> [Prompt]
List the lines of this listing that hold the word "finally".

Start of Exercise materials

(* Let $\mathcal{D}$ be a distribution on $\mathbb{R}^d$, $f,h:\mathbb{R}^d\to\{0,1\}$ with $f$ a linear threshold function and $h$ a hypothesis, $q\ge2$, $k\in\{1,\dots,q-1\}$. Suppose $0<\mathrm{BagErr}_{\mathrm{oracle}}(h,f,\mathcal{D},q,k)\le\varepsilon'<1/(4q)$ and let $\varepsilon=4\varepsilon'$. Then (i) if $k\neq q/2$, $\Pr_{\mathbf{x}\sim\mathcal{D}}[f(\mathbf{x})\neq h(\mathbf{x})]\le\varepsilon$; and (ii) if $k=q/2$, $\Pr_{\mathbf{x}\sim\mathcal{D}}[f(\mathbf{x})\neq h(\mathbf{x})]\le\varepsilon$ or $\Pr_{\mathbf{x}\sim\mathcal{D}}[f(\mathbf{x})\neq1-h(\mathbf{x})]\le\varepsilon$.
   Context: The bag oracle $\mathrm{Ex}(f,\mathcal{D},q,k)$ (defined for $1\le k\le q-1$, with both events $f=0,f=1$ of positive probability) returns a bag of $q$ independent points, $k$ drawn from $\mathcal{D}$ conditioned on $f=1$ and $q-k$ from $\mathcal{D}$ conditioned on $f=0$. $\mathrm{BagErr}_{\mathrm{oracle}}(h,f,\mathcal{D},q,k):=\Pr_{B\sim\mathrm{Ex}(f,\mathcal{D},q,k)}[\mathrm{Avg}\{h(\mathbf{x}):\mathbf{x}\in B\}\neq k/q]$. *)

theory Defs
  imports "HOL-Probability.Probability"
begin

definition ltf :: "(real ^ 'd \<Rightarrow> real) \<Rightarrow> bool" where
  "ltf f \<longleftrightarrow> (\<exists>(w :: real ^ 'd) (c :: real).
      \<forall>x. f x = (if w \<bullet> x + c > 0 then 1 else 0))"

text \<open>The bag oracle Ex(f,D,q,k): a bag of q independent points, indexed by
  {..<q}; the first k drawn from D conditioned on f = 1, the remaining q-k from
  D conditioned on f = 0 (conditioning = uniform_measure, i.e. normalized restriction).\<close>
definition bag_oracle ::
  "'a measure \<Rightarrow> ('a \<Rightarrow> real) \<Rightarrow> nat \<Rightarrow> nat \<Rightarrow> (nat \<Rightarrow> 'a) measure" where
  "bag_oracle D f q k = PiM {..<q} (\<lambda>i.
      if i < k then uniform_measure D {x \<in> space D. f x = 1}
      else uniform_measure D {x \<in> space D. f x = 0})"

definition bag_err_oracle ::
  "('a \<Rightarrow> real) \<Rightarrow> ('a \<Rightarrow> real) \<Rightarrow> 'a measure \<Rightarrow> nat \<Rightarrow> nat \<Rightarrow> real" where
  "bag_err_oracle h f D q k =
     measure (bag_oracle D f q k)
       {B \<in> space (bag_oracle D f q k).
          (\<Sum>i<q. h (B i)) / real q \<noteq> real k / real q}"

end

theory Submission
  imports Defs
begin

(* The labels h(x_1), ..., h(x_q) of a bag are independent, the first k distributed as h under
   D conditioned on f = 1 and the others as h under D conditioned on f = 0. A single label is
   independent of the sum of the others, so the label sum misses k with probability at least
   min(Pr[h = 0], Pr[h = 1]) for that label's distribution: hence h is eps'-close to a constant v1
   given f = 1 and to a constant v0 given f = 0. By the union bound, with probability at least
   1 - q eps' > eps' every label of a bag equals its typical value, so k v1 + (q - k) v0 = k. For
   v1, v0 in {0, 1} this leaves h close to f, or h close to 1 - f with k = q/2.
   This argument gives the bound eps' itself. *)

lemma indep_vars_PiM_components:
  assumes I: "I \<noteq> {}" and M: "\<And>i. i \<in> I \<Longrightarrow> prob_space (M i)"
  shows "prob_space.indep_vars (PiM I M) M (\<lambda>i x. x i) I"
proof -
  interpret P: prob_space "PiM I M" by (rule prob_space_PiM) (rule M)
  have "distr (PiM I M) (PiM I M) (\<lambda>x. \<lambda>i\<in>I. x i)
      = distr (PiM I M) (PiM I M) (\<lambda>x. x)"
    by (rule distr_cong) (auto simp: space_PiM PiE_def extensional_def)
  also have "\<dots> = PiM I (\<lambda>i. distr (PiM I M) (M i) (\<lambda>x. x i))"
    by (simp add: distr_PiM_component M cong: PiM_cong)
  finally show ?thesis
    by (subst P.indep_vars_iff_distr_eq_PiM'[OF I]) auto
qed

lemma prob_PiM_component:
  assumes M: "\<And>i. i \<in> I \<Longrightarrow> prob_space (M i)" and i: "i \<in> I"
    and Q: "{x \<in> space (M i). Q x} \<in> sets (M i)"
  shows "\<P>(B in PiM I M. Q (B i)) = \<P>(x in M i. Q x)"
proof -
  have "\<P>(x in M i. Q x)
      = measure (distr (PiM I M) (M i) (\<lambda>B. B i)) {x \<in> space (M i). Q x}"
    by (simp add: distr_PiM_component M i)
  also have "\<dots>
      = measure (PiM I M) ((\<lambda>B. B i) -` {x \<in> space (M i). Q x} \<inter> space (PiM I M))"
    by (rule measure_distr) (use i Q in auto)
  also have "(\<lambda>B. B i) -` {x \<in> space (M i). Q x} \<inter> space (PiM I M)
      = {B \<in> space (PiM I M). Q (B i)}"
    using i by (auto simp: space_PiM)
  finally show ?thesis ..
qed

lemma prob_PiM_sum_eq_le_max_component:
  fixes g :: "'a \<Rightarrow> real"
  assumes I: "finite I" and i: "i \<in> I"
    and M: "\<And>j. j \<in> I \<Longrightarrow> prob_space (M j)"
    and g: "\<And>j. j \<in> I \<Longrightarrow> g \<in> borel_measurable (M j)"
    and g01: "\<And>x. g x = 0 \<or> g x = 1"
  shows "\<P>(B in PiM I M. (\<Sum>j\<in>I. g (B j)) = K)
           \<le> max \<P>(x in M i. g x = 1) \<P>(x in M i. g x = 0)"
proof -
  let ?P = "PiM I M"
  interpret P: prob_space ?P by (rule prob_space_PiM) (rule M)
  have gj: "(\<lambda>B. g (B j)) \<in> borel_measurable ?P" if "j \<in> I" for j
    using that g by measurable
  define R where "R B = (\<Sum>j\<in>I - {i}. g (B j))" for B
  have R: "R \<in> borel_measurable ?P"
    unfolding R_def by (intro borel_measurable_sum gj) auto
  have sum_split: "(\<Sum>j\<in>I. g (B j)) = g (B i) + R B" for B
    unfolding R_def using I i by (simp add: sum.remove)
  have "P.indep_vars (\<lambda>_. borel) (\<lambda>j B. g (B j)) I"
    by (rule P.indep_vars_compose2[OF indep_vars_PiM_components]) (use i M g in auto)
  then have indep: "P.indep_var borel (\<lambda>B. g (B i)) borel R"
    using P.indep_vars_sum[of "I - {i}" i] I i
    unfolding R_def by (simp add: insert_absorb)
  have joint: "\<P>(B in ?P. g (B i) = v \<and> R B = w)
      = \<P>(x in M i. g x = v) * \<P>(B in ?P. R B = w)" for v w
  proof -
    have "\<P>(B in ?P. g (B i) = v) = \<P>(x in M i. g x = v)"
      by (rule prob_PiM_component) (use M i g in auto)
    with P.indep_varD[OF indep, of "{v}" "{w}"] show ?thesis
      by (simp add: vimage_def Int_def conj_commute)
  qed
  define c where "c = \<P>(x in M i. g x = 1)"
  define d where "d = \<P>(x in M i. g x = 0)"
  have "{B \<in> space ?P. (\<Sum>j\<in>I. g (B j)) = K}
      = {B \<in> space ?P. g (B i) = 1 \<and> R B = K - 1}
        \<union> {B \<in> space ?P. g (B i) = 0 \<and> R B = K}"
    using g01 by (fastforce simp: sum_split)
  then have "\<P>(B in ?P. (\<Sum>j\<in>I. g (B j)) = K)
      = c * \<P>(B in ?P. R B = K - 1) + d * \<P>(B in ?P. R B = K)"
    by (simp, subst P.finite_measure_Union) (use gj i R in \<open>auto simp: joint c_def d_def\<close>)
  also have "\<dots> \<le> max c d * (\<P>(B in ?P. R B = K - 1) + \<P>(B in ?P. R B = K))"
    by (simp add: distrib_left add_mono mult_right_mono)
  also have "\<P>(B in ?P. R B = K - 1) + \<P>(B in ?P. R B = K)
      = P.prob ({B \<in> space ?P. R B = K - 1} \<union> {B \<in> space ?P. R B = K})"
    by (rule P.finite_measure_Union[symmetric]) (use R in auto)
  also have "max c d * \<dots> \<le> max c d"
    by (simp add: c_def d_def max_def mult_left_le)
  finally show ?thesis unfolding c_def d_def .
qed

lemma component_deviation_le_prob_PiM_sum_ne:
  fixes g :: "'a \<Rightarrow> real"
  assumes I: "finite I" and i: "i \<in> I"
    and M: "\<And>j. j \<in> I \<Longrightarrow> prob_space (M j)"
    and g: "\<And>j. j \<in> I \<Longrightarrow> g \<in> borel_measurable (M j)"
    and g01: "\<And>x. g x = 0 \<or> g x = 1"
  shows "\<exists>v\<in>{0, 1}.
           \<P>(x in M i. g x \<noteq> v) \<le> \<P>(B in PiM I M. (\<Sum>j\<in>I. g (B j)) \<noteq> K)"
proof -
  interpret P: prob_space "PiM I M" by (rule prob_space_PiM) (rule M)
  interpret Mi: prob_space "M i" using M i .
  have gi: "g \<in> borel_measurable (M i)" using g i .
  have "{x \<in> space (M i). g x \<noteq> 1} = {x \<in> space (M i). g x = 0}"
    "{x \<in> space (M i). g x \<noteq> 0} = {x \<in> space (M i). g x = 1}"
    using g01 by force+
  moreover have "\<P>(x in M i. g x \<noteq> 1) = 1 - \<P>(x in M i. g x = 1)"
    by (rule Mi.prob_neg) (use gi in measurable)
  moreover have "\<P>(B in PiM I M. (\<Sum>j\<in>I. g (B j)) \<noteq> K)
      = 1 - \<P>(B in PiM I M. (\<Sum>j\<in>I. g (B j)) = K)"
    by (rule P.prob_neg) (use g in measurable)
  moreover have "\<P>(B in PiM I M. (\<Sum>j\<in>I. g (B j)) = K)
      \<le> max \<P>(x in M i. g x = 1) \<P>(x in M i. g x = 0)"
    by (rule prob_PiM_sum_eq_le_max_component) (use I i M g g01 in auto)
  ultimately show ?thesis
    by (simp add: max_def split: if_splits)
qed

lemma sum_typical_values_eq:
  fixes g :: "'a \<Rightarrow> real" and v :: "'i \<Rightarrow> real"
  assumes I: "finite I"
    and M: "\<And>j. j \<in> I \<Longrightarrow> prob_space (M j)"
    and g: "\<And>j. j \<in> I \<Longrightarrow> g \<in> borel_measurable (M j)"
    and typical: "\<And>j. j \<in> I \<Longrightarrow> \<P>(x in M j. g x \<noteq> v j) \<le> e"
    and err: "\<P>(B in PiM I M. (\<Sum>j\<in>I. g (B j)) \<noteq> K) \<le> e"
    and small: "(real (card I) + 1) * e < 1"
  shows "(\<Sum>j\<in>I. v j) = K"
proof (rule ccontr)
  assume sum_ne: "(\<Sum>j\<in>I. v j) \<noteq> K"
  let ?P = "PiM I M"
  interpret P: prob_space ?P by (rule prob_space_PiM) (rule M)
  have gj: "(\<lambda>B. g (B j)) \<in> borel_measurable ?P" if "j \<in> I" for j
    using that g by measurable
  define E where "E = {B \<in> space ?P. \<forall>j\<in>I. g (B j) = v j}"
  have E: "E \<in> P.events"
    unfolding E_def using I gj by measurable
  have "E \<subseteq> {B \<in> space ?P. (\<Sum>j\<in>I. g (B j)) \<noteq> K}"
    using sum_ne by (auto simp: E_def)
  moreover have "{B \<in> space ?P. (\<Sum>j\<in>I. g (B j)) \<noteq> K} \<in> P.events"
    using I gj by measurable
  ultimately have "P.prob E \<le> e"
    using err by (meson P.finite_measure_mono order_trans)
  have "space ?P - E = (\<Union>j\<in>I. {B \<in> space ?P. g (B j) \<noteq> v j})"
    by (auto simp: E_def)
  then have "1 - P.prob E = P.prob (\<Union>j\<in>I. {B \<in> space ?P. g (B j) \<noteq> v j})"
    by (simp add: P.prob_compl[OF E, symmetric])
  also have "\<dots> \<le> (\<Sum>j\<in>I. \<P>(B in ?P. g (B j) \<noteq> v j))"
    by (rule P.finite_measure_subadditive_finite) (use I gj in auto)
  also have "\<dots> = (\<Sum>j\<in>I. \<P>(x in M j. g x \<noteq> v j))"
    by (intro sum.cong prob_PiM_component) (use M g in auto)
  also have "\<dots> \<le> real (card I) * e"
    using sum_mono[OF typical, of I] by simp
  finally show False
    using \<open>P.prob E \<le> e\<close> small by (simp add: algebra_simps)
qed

End of Exercise materials

> [Result below]
  finally show ?thesis
  finally show ?thesis ..
  finally show ?thesis unfolding c_def d_def .
  finally show False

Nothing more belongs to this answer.